Так интересно было скрутить трубочкой капустый лист и, просунув его между прутьями клетки, скормить его смешному маленькому крольчонку.

    Помню, как однажды даже терпеливая баба Дуня накричала на нас, и было за что. Мы придумали ловить голубей. Для этого взяли тазик, небольшой деревянный колышек, к колышку привязали веревку, приподняли край тазика и оперли его на колышек, а сами залегли за кустами, держа второй конец веревки. Под тазик предварительно насыпали горсть крупы. Предполагалось, что голубь, завидев крупу, зайдет под тазик, мы дергаем за веревку, и голубь оказывается в ловушке. Задумка была замечательная, но вот голуби про нее ничего не знали и угощаться крупой не желали. Зато бабыдунины цыплята-подростки, которых она уже стала выпускать гулять по двору и добывать себе пищу самостоятельно, очень скоро обнаружили корм под этим тазиком. В общем, поскольку голубей не было, мы увлеченно выдергивали колышек из под тазика, как только глупый цыпленок решал поживиться насыпанным там зерном. Потом мы его выпускали и ловили следующего. Но бабе Дуне наша игра отчего то очень не понравилась...Она накричала на нас, отобрала все наши аксессуары для ловли пернатых и прогнала нас со двора.

   Рядом с бабушкиным домом была типография, одна сторона здания типографии, собственно, и была границей двора. Мы заглядывали в окна, припюснув носы к грязному стеклу, и видели машины, печатающие свежий номер местной газеты. Однажды бабушкина знакомая наборщица впустила нас в святая святых и мы немного походили между стрекочущих непонятных машин, в которых с большой скоросью крутились рулоны бумаги, разматывались в ленты, и эти ленты куда-то уплывали, чтобы на другом конце конвейера выплюнуться маленькой газеткой, а также позаглядывали в ящичики, наполненные черными металлическими буковками, которые вставляли в какие-то дощечки. Не помню, чтобы все это произвело на меня большое впечатление...

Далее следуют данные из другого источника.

lemma cube_eq_of_cross_products:
  fixes a b c x y z :: "'a::field"
  assumes nz: "a \<noteq> 0" "x \<noteq> 0" "y \<noteq> 0"
    and eqs: "a*z = b*x" "b*x = c*y" "a*y = c*x" "c*x = b*z"
  shows "y^3 = x^3"
proof -
  have "a * (z*z) = a * (x*y)"
    using eqs by algebra
  then have zz: "z*z = x*y"
    using nz by simp
  have "a * (y*y) = a * (x*z)"
    using eqs by algebra
  then have yy: "y*y = x*z"
    using nz by simp
  have "y * y^3 = y * x^3"
    using yy zz by algebra
  then show ?thesis
    using nz by simp
qed

lemma three_dvd_if_power_eq_1:
  fixes w :: "'a::monoid_mult"
  assumes w: "w^3 = 1" "w \<noteq> 1" and n: "w^n = 1"
  shows "3 dvd n"
proof -
  have "w ^ (n mod 3) = (w^3) ^ (n div 3) * w ^ (n mod 3)"
    using w by simp
  also have "\<dots> = 1"
    using n by (simp only: power_mult[symmetric] power_add[symmetric] mult_div_mod_eq)
  finally have r: "w ^ (n mod 3) = 1" .
  have "w^2 \<noteq> 1"
  proof
    assume "w^2 = 1"
    then have "w^3 = w"
      by (simp add: power2_eq_square power3_eq_cube)
    then show False
      using w by simp
  qed
  then have "n mod 3 \<noteq> 1" "n mod 3 \<noteq> 2"
    using r w(2) by auto
  then show ?thesis
    by presburger
qed

lemma power_card_minus_one_eq_1:
  fixes x :: "'a::{field,finite}"
  assumes "x \<noteq> 0"
  shows "x ^ (card (UNIV :: 'a set) - 1) = 1"
proof -
  have "x ^ (card (UNIV :: 'a set) - 1) * (\<Prod>y\<in>UNIV - {0}. y) = (\<Prod>y\<in>UNIV - {0}. x * y)"
    by (simp add: prod.distrib card_Diff_singleton)
  also have "\<dots> = (\<Prod>y\<in>UNIV - {0}. y)"
    by (rule prod.reindex_bij_witness[of _ "\<lambda>y. y / x" "\<lambda>y. x * y"]) (use assms in auto)
  finally show ?thesis
    by simp
qed

lemma nontrivial_cube_root_iff:
  "(\<exists>w::'a::{field,finite}. w^3 = 1 \<and> w \<noteq> 1) \<longleftrightarrow> 3 dvd (card (UNIV :: 'a set) - 1)"
proof
  assume "\<exists>w::'a. w^3 = 1 \<and> w \<noteq> 1"
  then obtain w :: 'a where w: "w^3 = 1" "w \<noteq> 1"
    by blast
  then have "w \<noteq> 0"
    by auto
  then show "3 dvd (card (UNIV :: 'a set) - 1)"
    using w by (intro three_dvd_if_power_eq_1[of w] power_card_minus_one_eq_1)
next
  assume "3 dvd (card (UNIV :: 'a set) - 1)"
  then obtain m where m: "card (UNIV :: 'a set) - 1 = 3 * m"
    by blast
  moreover have "card {0, 1::'a} \<le> card (UNIV :: 'a set)"
    by (rule card_mono) simp_all
  ultimately have "m \<noteq> 0"
    by auto
  let ?p = "monom (1::'a) m - 1"
  have p: "?p \<noteq> 0"
  proof
    assume "?p = 0"
    then have "poly ?p 0 = 0"
      by simp
    then show False
      using \<open>m \<noteq> 0\<close> by (simp add: poly_monom power_0_left)
  qed
  have "degree ?p \<le> m"
    using degree_diff_le[of "monom 1 m" m 1] degree_monom_le[of "1::'a" m] by simp
  then have "card {x. poly ?p x = 0} \<le> m"
    by (rule order_trans[OF card_poly_roots_bound[OF p]])
  moreover have "card (UNIV - {0::'a}) = 3 * m"
    using m by (simp add: card_Diff_singleton)
  ultimately have "\<not> UNIV - {0} \<subseteq> {x. poly ?p x = 0}"
    using card_mono[OF poly_roots_finite[OF p], of "UNIV - {0}"] \<open>m \<noteq> 0\<close> by linarith
  then obtain a :: 'a where a: "a \<noteq> 0" "a ^ m \<noteq> 1"
    by (auto simp: poly_monom)
  have "(a ^ m) ^ 3 = 1"
    using power_card_minus_one_eq_1[OF a(1)] m by (simp add: power_mult[symmetric] mult.commute)
  then show "\<exists>w::'a. w^3 = 1 \<and> w \<noteq> 1"
    using a(2) by blast
qed

lemma rho_q_ge_2_if_distinct_ratios:
  fixes a b c x y z :: "'a::{field,finite}"
  assumes u: "(a, b, c) \<in> Dset" and v: "(x, y, z) \<in> Dset"
    and ratios: "a/x \<noteq> b/y" "a/x \<noteq> c/z" "b/y \<noteq> c/z"
    and no_cube_root: "\<forall>w::'a. w^3 = 1 \<longrightarrow> w = 1"
  shows "2 \<le> rho_q (a, b, c) (x, y, z)"
proof (rule ccontr)
  assume "\<not> 2 \<le> rho_q (a, b, c) (x, y, z)"
  then have "unequal_pairs (a*z) (b*x) (c*y) < 2" "unequal_pairs (a*y) (c*x) (b*z) < 2"
    unfolding rho_q_distinct_ratios[OF u v ratios] by linarith+
  then have "y^3 = x^3"
    using u v by (intro cube_eq_of_cross_products[of a x y z b c]) (auto simp: unequal_pairs_less_2_iff)
  then have "(y/x)^3 = 1" "y/x \<noteq> 1"
    using v by (auto simp: power_divide)
  then show False
    using no_cube_root by blast
qed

Во двор выходила задняя дверь здания типографии, а к ней было пристроено бетонное крыльцо в три ступеньки. Дверь ни разу в мою бытность там не открывалась, я думаю, ею вообще вряд ли кто-нибудь когда-нибудь пользовался...Зато крыльцом активно пользовались мы. Мы там играли. Тащили туда своих куколок и плошки-кастрюльки, часами сидели на этом крыльце в тени деревьев, шили куклам и варили им обеды , старательно истирали в порошок кусочки красного кирпича, превращая его в "какао-порошок".

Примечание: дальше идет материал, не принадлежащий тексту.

(* Let $A$ be an infinite set, fix $z\in A$, $A'=A\setminus\{z\}$, and $p\in[1,\infty)$. Let $\alpha^n=a_1^na_2^n\ldots\in N(A)$ for $n\in\mathbb{N}^*$, $x_n=p_p(\alpha^n)$, and let $\alpha=a_1a_2\ldots\in N(A)$, $x=p_p(\alpha)$. Suppose the sequence $(a_n)_{n\in\mathbb{N}^*}$ is not eventually constant (i.e. for every $q\in\mathbb{N}^*$ it is not constant from index $q$ on) and $\lim_{n\to\infty}\|x_n-x\|_p=0$. Then $\lim_{n\to\infty}\alpha^n=\alpha$ in $N(A)$.
   Context: $l^p(A)$ is the set of families $x=(x_a)_{a\in A'}$ of real numbers with $x_a=0$ for all but countably many $a$ and $\sum_a|x_a|^p<\infty$, with norm $\|x\|_p=(\sum_a|x_a|^p)^{1/p}$. $N(A)$ is the set of all sequences $\alpha=a_1a_2a_3\ldots$ with $a_k\in A$, with metric $d(v,v')=1/k$ where $k$ is the first index at which $v,v'$ differ, and $d(v,v)=0$. The map $p_p:N(A)\to l^p(A)$ is $p_p(\alpha)=(\alpha_b)_{b\in A'}$ where, for $\alpha=a_1a_2\ldots$, $\alpha_b=\sum_{k:\,a_k=b}2^{-k}$ (and $\alpha_b=0$ if no $a_k$ equals $b$). *)

theory Defs
  imports "HOL-Analysis.Analysis"
begin

text \<open>Elements of N(A) are sequences a_1 a_2 ... with values in A. We index them
  from 0: a sequence v :: nat => 'a represents v 0 v 1 v 2 ..., i.e. paper index k
  corresponds to Isabelle index k-1.\<close>

definition NA :: "'a set \<Rightarrow> (nat \<Rightarrow> 'a) set" where
  "NA A = {v. \<forall>k. v k \<in> A}"

definition dN :: "(nat \<Rightarrow> 'a) \<Rightarrow> (nat \<Rightarrow> 'a) \<Rightarrow> real" where
  "dN v v' = (if v = v' then 0 else 1 / real (Suc (LEAST k. v k \<noteq> v' k)))"

definition coordN :: "(nat \<Rightarrow> 'a) \<Rightarrow> 'a \<Rightarrow> real" where
  "coordN v b = (\<Sum>k. if v k = b then (1/2) ^ Suc k else 0)"

definition pmap :: "'a set \<Rightarrow> 'a \<Rightarrow> (nat \<Rightarrow> 'a) \<Rightarrow> ('a \<Rightarrow> real)" where
  "pmap A z v = (\<lambda>b. if b \<in> A - {z} then coordN v b else 0)"

definition lp_norm :: "real \<Rightarrow> 'a set \<Rightarrow> ('a \<Rightarrow> real) \<Rightarrow> real" where
  "lp_norm p I x = (infsum (\<lambda>b. \<bar>x b\<bar> powr p) I) powr (1 / p)"

end

theory Submission
  imports Defs
begin

text \<open>Convergence in \<open>\<ell>\<^sup>p\<close> forces uniform convergence of the coordinates \<open>\<alpha>\<^sub>b\<close>, \<open>b \<noteq> z\<close>.
  If the first letters of \<open>\<alpha>\<^sup>n\<close> and \<open>\<alpha>\<close> differed infinitely often, then either the letter
  \<open>c = a\<^sub>1\<^sup>n \<noteq> z\<close> would carry weight at least \<open>1/2\<close> in \<open>x\<^sub>n\<close> but, since \<open>\<alpha>\<close> is not eventually
  constant, noticeably less in \<open>x\<close>; or \<open>a\<^sub>1\<^sup>n = z\<close>, and then the letters \<open>a\<^sub>1\<close> and some
  \<open>a\<^sub>k \<noteq> z\<close> would carry total weight above \<open>1/2\<close> in \<open>x\<close> but at most \<open>1/2\<close> in \<open>x\<^sub>n\<close>.
  Since \<open>\<alpha>\<^sub>b\<close> is the weight of the first letter plus half the coordinate of the shifted
  word, the argument propagates to every prefix length, which is convergence in \<open>N(A)\<close>.\<close>

abbreviation weight :: "nat \<Rightarrow> real" where
  "weight i \<equiv> (1/2) ^ Suc i"

lemma summable_weight_indicator: "summable (\<lambda>i. if P i then weight i else 0)"
  by (rule summable_comparison_test[OF _ summable_geometric[of "1/2"]]) auto

lemma sum_coordN_eq_suminf:
  assumes "finite F"
  shows "(\<Sum>b\<in>F. coordN v b) = (\<Sum>i. if v i \<in> F then weight i else 0)"
proof -
  have "(\<Sum>b\<in>F. coordN v b) = (\<Sum>i. \<Sum>b\<in>F. if v i = b then weight i else 0)"
    unfolding coordN_def by (rule suminf_sum[symmetric]) (rule summable_weight_indicator)
  also have "\<dots> = (\<Sum>i. if v i \<in> F then weight i else 0)"
    using assms by (intro suminf_cong) (simp add: sum.delta)
  finally show ?thesis .
qed

lemma sum_coordN_upper:
  assumes "finite F" "finite I" "\<And>i. i \<in> I \<Longrightarrow> v i \<notin> F"
  shows "(\<Sum>b\<in>F. coordN v b) \<le> 1 - sum weight I"
proof -
  have s: "(\<lambda>i. weight i - (if i \<in> I then weight i else 0)) sums (1 - sum weight I)"
    by (intro sums_diff power_half_series sums_If_finite_set assms)
  have "(\<Sum>i. if v i \<in> F then weight i else 0) \<le> (\<Sum>i. weight i - (if i \<in> I then weight i else 0))"
    by (intro suminf_le summable_weight_indicator) (use s assms(3) in \<open>auto simp: sums_iff\<close>)
  then show ?thesis
    unfolding sum_coordN_eq_suminf[OF assms(1)] sums_unique[OF s, symmetric] .
qed

lemma sum_coordN_lower:
  assumes "finite F" "finite I" "\<And>i. i \<in> I \<Longrightarrow> v i \<in> F"
  shows "sum weight I \<le> (\<Sum>b\<in>F. coordN v b)"
proof -
  have "sum weight I = (\<Sum>i\<in>I. if v i \<in> F then weight i else 0)"
    using assms(3) by simp
  also have "\<dots> \<le> (\<Sum>i. if v i \<in> F then weight i else 0)"
    by (intro sum_le_suminf summable_weight_indicator assms) auto
  finally show ?thesis
    using sum_coordN_eq_suminf[OF assms(1)] by simp
qed

lemma coordN_nonneg: "0 \<le> coordN v b"
  unfolding coordN_def by (intro suminf_nonneg summable_weight_indicator) auto

lemma coordN_le_1: "coordN v b \<le> 1"
  using sum_coordN_upper[of "{b}" "{}" v] by simp

lemma coordN_summable_on: "coordN v summable_on B"
proof (rule nonneg_bdd_above_summable_on)
  show "bdd_above (sum (coordN v) ` {F. F \<subseteq> B \<and> finite F})"
    using sum_coordN_upper[of _ "{}" v] by (intro bdd_aboveI[of _ 1]) auto
qed (rule coordN_nonneg)

definition shift :: "nat \<Rightarrow> (nat \<Rightarrow> 'a) \<Rightarrow> nat \<Rightarrow> 'a" where
  "shift m v = (\<lambda>i. v (i + m))"

lemma coordN_shift:
  "coordN v b = (\<Sum>i<m. if v i = b then weight i else 0) + (1/2) ^ m * coordN (shift m v) b"
proof -
  have "coordN v b = (\<Sum>i. if v (i + m) = b then weight (i + m) else 0)
                     + (\<Sum>i<m. if v i = b then weight i else 0)"
    unfolding coordN_def by (rule suminf_split_initial_segment[OF summable_weight_indicator])
  also have "(\<Sum>i. if v (i + m) = b then weight (i + m) else 0)
           = (\<Sum>i. (1/2) ^ m * (if v (i + m) = b then weight i else 0))"
    by (intro suminf_cong) (simp add: power_add)
  also have "\<dots> = (1/2) ^ m * coordN (shift m v) b"
    unfolding coordN_def shift_def by (rule suminf_mult[OF summable_weight_indicator])
  finally show ?thesis by simp
qed

lemma coordN_diff_shift:
  assumes "\<And>i. i < m \<Longrightarrow> u i = v i"
  shows "coordN u b - coordN v b = (1/2) ^ m * (coordN (shift m u) b - coordN (shift m v) b)"
proof -
  have "(\<Sum>i<m. if u i = b then weight i else 0) = (\<Sum>i<m. if v i = b then weight i else 0)"
    using assms by (intro sum.cong) auto
  then show ?thesis
    using coordN_shift[of u b m] coordN_shift[of v b m] by (simp add: algebra_simps)
qed

lemma coordN_gap_first_letter:
  assumes "u 0 \<noteq> v 0" "v k \<noteq> v 1" "k \<ge> 1"
  shows "coordN v (u 0) + weight k \<le> coordN u (u 0)"
proof -
  have "1/2 \<le> coordN u (u 0)"
    using sum_coordN_lower[of "{u 0}" "{0}" u] by simp
  moreover have "coordN v (u 0) \<le> 1/2 - weight k"
  proof (cases "v 1 = u 0")
    case True
    then have "\<And>i. i \<in> {0, k} \<Longrightarrow> v i \<notin> {u 0}"
      using assms(1,2) by auto
    then have "coordN v (u 0) \<le> 1 - sum weight {0, k}"
      using sum_coordN_upper[of "{u 0}" "{0, k}" v] by simp
    then show ?thesis
      using assms(3) by simp
  next
    case False
    then have "\<And>i. i \<in> {0, 1} \<Longrightarrow> v i \<notin> {u 0}"
      using assms(1) by auto
    then have "coordN v (u 0) \<le> 1 - sum weight {0, 1}"
      using sum_coordN_upper[of "{u 0}" "{0, 1}" v] by simp
    moreover have "weight k \<le> weight 1"
      using assms(3) by (intro power_decreasing) auto
    ultimately show ?thesis by simp
  qed
  ultimately show ?thesis by linarith
qed

lemma sum_coordN_gap_pair:
  assumes "u 0 \<notin> {v 0, v k}" "k \<ge> 1"
  shows "(\<Sum>b\<in>{v 0, v k}. coordN u b) + weight k \<le> (\<Sum>b\<in>{v 0, v k}. coordN v b)"
proof -
  have "(\<Sum>b\<in>{v 0, v k}. coordN u b) \<le> 1 - sum weight {0}"
    using sum_coordN_upper[of "{v 0, v k}" "{0}" u] assms(1) by auto
  moreover have "sum weight {0, k} \<le> (\<Sum>b\<in>{v 0, v k}. coordN v b)"
    using sum_coordN_lower[of "{v 0, v k}" "{0, k}" v] by auto
  moreover have "sum weight {0, k} = 1/2 + weight k"
    using assms(2) by simp
  ultimately show ?thesis by simp
qed

lemma first_letter_eq:
  assumes "u 0 \<in> A" "\<And>i. v i \<in> A" "v k \<noteq> v 1" "k \<ge> 1"
    and close: "\<And>b. b \<in> A - {z} \<Longrightarrow> \<bar>coordN u b - coordN v b\<bar> < weight k / 2"
  shows "u 0 = v 0"
proof (rule ccontr)
  assume ne: "u 0 \<noteq> v 0"
  show False
  proof (cases "u 0 = z")
    case False
    with assms(1) have "\<bar>coordN u (u 0) - coordN v (u 0)\<bar> < weight k / 2"
      by (intro close) simp
    moreover have "0 < weight k"
      by simp
    ultimately show False
      using coordN_gap_first_letter[of u v k, OF ne assms(3,4)] by linarith
  next
    case True
    obtain j where j: "j \<in> {1, k}" "v j \<noteq> z"
      using assms(3) by auto
    have "weight k \<le> weight j"
      using j assms(4) by (intro power_decreasing) auto
    define F where "F = {v 0, v j}"
    have F: "F \<subseteq> A - {z}"
      using assms(2) ne j True unfolding F_def by auto
    have "(\<Sum>b\<in>F. coordN v b) - (\<Sum>b\<in>F. coordN u b) = (\<Sum>b\<in>F. coordN v b - coordN u b)"
      by (simp add: sum_subtractf)
    also have "\<dots> \<le> (\<Sum>b\<in>F. \<bar>coordN u b - coordN v b\<bar>)"
      by (intro sum_mono) linarith
    also have "\<dots> < (\<Sum>b\<in>F. weight j / 2)"
    proof (rule sum_strict_mono)
      show "\<bar>coordN u b - coordN v b\<bar> < weight j / 2" if "b \<in> F" for b
      proof -
        have "\<bar>coordN u b - coordN v b\<bar> < weight k / 2"
          using that F by (intro close) blast
        then show ?thesis
          using \<open>weight k \<le> weight j\<close> by linarith
      qed
    qed (simp_all add: F_def)
    also have "\<dots> \<le> weight j"
      unfolding F_def by (cases "v 0 = v j") auto
    finally have "(\<Sum>b\<in>F. coordN v b) < (\<Sum>b\<in>F. coordN u b) + weight j"
      by simp
    moreover have "u 0 \<notin> {v 0, v j}" "j \<ge> 1"
      using j ne True assms(4) by auto
    ultimately show False
      using sum_coordN_gap_pair[of u v j] unfolding F_def by linarith
  qed
qed

lemma abs_le_lp_norm:
  assumes "p > 0" "b \<in> I" "(\<lambda>b. \<bar>x b\<bar> powr p) summable_on I"
  shows "\<bar>x b\<bar> \<le> lp_norm p I x"
proof -
  have "\<bar>x b\<bar> powr p = infsum (\<lambda>b. \<bar>x b\<bar> powr p) {b}"
    by simp
  also have "\<dots> \<le> infsum (\<lambda>b. \<bar>x b\<bar> powr p) I"
    by (rule infsum_mono_neutral[OF summable_on_finite assms(3)]) (use assms(2) in auto)
  finally have "(\<bar>x b\<bar> powr p) powr (1/p) \<le> lp_norm p I x"
    unfolding lp_norm_def using assms(1) by (intro powr_mono2) auto
  moreover have "(\<bar>x b\<bar> powr p) powr (1/p) = \<bar>x b\<bar>"
    using assms(1) by (cases "x b = 0") (auto simp: powr_powr)
  ultimately show ?thesis by simp
qed

lemma pmap_diff_powr_summable_on:
  assumes "p \<ge> 1"
  shows "(\<lambda>b. \<bar>pmap A z u b - pmap A z v b\<bar> powr p) summable_on I"
proof (rule summable_on_comparison_test)
  show "(\<lambda>b. coordN u b + coordN v b) summable_on I"
    by (intro summable_on_add coordN_summable_on)
  fix b
  let ?d = "\<bar>pmap A z u b - pmap A z v b\<bar>"
  have "?d \<le> 1" "?d \<le> coordN u b + coordN v b"
    unfolding pmap_def
    using coordN_nonneg[of u b] coordN_nonneg[of v b] coordN_le_1[of u b] coordN_le_1[of v b]
    by auto
  moreover have "?d powr p \<le> ?d"
    using \<open>?d \<le> 1\<close> assms by (cases "?d = 0") (auto intro: powr_le_one_le)
  ultimately show "?d powr p \<le> coordN u b + coordN v b"
    by simp
qed simp

lemma coordN_diff_le_lp_norm:
  assumes "p \<ge> 1" "b \<in> A - {z}"
  shows "\<bar>coordN u b - coordN v b\<bar> \<le> lp_norm p (A - {z}) (\<lambda>b. pmap A z u b - pmap A z v b)"
proof -
  have "pmap A z u b - pmap A z v b = coordN u b - coordN v b"
    using assms(2) by (simp add: pmap_def)
  moreover have "\<bar>pmap A z u b - pmap A z v b\<bar>
      \<le> lp_norm p (A - {z}) (\<lambda>b. pmap A z u b - pmap A z v b)"
    using assms(1)
    by (intro abs_le_lp_norm[OF _ assms(2) pmap_diff_powr_summable_on[OF assms(1)]]) simp
  ultimately show ?thesis
    by simp
qed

   Бабушкин дом был одноэтажным и очень странной формы. Он представлял собой толстую заглавную букву "Н", написанную на центральной улице маленького гордка как на линейке школьной тетрадки. Заглавную – потому что все остальные домики были маленькими и выглядили так себе очень прописными буквами по сравнению с домом, в котором жили бабушка с дедушкой и еще одиннадцать других семей, каждая из них была счастливой обладательницей однокомнатной квартиры. Правда, вход был с улицы у каждого свой, отчего дом был весь облеплен верандочками и крылечками. Место было действительно центральное, немного поодаль на другой стороне улицы было здание театра – деревянное, но какое-то интересное и необычное по своей архитектуре, к сожалению, подробности не запечтлелись в моей памяти. Рядом с театром стоял памятник Григорию Сковороде (я в то время очень удивлялась такое необычной фамилии человека, мне казалось невозможным, чтобы человеку с такой странной фамилией ставили памятники), и чуть подальше – городской музей.

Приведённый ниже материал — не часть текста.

(* Let $q$ be a prime power and let $n,k$ be integers with $3\le k\le\frac{n-2}{2}$, $n\le q$ and $k\le q-2$. Let $\alpha_1,\dots,\alpha_n\in\mathbb{F}_q$ be pairwise distinct and let $C_{k,k}$ be the linear code generated by the $k\times n$ matrix whose rows are $(\alpha_1^{e},\dots,\alpha_n^{e})$ for $e=0,1,\dots,k-2$ and $e=k$. If $C_{k,k}$ is an MDS code, then it is a non-GRS MDS code.
   Context: Convention: $0^0=1$. A linear code is MDS if its parameters $[n,k,d]$ satisfy $d=n-k+1$. For pairwise distinct $a_1,\dots,a_n\in\mathbb{F}_q$ and $w\in(\mathbb{F}_q^* )^n$, $GRS(n,k,\{a_i\},w)=\{(w_1f(a_1),\dots,w_nf(a_n)) : f\in\mathbb{F}_q[x],\ \deg f\le k-1\}$. Two codes are (monomially) equivalent if one is obtained from the other by permuting coordinates and scaling coordinates by nonzero scalars. A non-GRS MDS code is an MDS code not equivalent to any GRS code. *)

theory Defs
  imports "HOL-Computational_Algebra.Polynomial" "HOL-Combinatorics.Permutations" "HOL-Library.Cardinality"
begin

text \<open>Words of length n over a finite field are modelled as functions nat => 'a
  that vanish outside the index set {..<n}. A code of length n is a set of such words.\<close>

definition is_word :: "nat \<Rightarrow> (nat \<Rightarrow> 'a::zero) \<Rightarrow> bool" where
  "is_word n w \<longleftrightarrow> (\<forall>j\<ge>n. w j = 0)"

definition linear_code :: "nat \<Rightarrow> (nat \<Rightarrow> 'a::field) set \<Rightarrow> bool" where
  "linear_code n C \<longleftrightarrow> (\<forall>w\<in>C. is_word n w) \<and> (\<lambda>_. 0) \<in> C \<and>
     (\<forall>u\<in>C. \<forall>v\<in>C. (\<lambda>j. u j + v j) \<in> C) \<and> (\<forall>c. \<forall>u\<in>C. (\<lambda>j. c * u j) \<in> C)"

definition weight :: "nat \<Rightarrow> (nat \<Rightarrow> 'a::zero) \<Rightarrow> nat" where
  "weight n w = card {j. j < n \<and> w j \<noteq> 0}"

definition min_dist :: "nat \<Rightarrow> (nat \<Rightarrow> 'a::zero) set \<Rightarrow> nat" where
  "min_dist n C = Min (weight n ` (C - {\<lambda>_. 0}))"

definition code_dim :: "(nat \<Rightarrow> 'a::{finite,field}) set \<Rightarrow> nat \<Rightarrow> bool" where
  "code_dim C k \<longleftrightarrow> card C = CARD('a) ^ k"

definition MDS :: "nat \<Rightarrow> (nat \<Rightarrow> 'a::{finite,field}) set \<Rightarrow> bool" where
  "MDS n C \<longleftrightarrow> linear_code n C \<and> (\<exists>k. code_dim C k \<and> min_dist n C = n - k + 1)"

definition GRS :: "nat \<Rightarrow> nat \<Rightarrow> (nat \<Rightarrow> 'a::field) \<Rightarrow> (nat \<Rightarrow> 'a) \<Rightarrow> (nat \<Rightarrow> 'a) set" where
  "GRS n k a w = {(\<lambda>j. if j < n then w j * poly f (a j) else 0) | f. degree f \<le> k - 1}"

definition is_GRS_code :: "nat \<Rightarrow> (nat \<Rightarrow> 'a::field) set \<Rightarrow> bool" where
  "is_GRS_code n D \<longleftrightarrow> (\<exists>k a w. 1 \<le> k \<and> inj_on a {..<n} \<and> (\<forall>j<n. w j \<noteq> 0) \<and> D = GRS n k a w)"

definition mono_image :: "nat \<Rightarrow> (nat \<Rightarrow> 'a::field) set \<Rightarrow> (nat \<Rightarrow> 'a) set \<Rightarrow> bool" where
  "mono_image n C D \<longleftrightarrow> (\<exists>\<sigma> s. \<sigma> permutes {..<n} \<and> (\<forall>j<n. s j \<noteq> 0) \<and>
      D = (\<lambda>c j. if j < n then s j * c (\<sigma> j) else 0) ` C)"

definition code_equiv :: "nat \<Rightarrow> (nat \<Rightarrow> 'a::field) set \<Rightarrow> (nat \<Rightarrow> 'a) set \<Rightarrow> bool" where
  "code_equiv n C D \<longleftrightarrow> mono_image n C D \<or> mono_image n D C"

definition non_GRS_MDS :: "nat \<Rightarrow> (nat \<Rightarrow> 'a::{finite,field}) set \<Rightarrow> bool" where
  "non_GRS_MDS n C \<longleftrightarrow> MDS n C \<and> \<not> (\<exists>D. is_GRS_code n D \<and> code_equiv n C D)"

definition gen_code_exps :: "nat \<Rightarrow> (nat \<Rightarrow> 'a::field) \<Rightarrow> nat set \<Rightarrow> (nat \<Rightarrow> 'a) set" where
  "gen_code_exps n \<alpha> E = {(\<lambda>j. if j < n then (\<Sum>e\<in>E. c e * \<alpha> j ^ e) else 0) | c. True}"

definition C_kk :: "nat \<Rightarrow> nat \<Rightarrow> (nat \<Rightarrow> 'a::field) \<Rightarrow> (nat \<Rightarrow> 'a) set" where
  "C_kk n k \<alpha> = gen_code_exps n \<alpha> ({0..k-2} \<union> {k})"

end

theory Submission
  imports Defs
begin

text \<open>If C_kk were GRS(n, k') with nodes a and weights w, counting codewords would force
  k' \<le> k, so each row (\<alpha>_j^e), e \<in> E = {0..k-2} \<union> {k}, would be (w_j f_e(a_j)) with
  deg f_e \<le> k - 1. Products of two rows are then (w_j^2 h(a_j)) with deg h \<le> 2k - 2, so the
  rows (\<alpha>_j^s), s \<in> E + E, span a space of dimension at most 2k - 1. But E + E =
  {0..2k-2} \<union> {2k} has 2k elements, all below n, and rows of distinct powers evaluated at n
  distinct points are linearly independent. Monomial equivalence maps GRS codes to GRS codes in
  both directions, so C_kk is not even equivalent to a GRS code.\<close>

lemma CARD_ge_2: "2 \<le> CARD('a::{finite,zero_neq_one})"
proof -
  have "card {0::'a, 1} \<le> CARD('a)" by (rule card_mono) auto
  then show ?thesis by simp
qed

   Такая "центральность" была гордостью живших в этом доме людей, но она не избавляла их от необходимости носить воду ведрами из колонки, расположенной через улицу, запасать на зиму торф или брикеты для топки плит зимой, складывая их в сараюшки в глубине двора, носить свежесваренный борщ в кастрюльках в погреб, расположенный во дворе, куда вела деревянная дверь и длинный ряд ступенек и откуда неизменно пахло сыростью и плесенью. Оттуда же нужно было извлекать все продукты перед тем, как накрыть стол, так что походы вверх-вниз по лестнице были здесь делом привычным, хотя и давались пожилым жителям этого дома с трудом. Молодых здесь не было. Они давно уже разъехались по разным городам, выучившись, переженившись, и лишь некоторые привозили сюда на лето своих отпрысков, чтобы бабушки и дедушки присмотрели за ними во время летних каникул

    Руки надо было мыть под рукомойником . Хотя на обед всегда было первое и второе, оно выдавалось нам строго в одну тарелку, то есть второе можно было получить лишь тогда, когда первое было съедено до последней капли. Никакие "не хочу-не буду" даже не рассматривались, бабушка могла пойти на компромисс в чем угодно, но только не в вопросах приема пищи. Этот процесс считался священным и никаким отклонениям не подлежал. Больше того, по его завершению бегать категорически запрещалось, а надо было лежать на "дачке" – так все почему-то называли здесь обычную раскладушку ("щоб сало завьязалось" ), ну или в крайнем случае играть на крыльце типографии. Тарелки экономились ввиду трудностей с доставкой воды от колонки. Иногда бабушка разрешала мне пойти к колонке с двумя молочными бидончиками и принести воды, но при этом она выходила за калитку и пристально наблюдала за тем, как я перехожу улицу (как же, по ней с десяток машин в час, может, и проезжало) и как возвращаюсь обратно. Братец Борька иногда притаскивал несколько ведер воды, он был старше меня на четыре года и к тому же местный, ему можно было не только ходить, куда он считал нужным, но и на велике мотаться куда угодно, и на речку ходить...За труды праведные он получал от бабушки десять копеек на мороженое.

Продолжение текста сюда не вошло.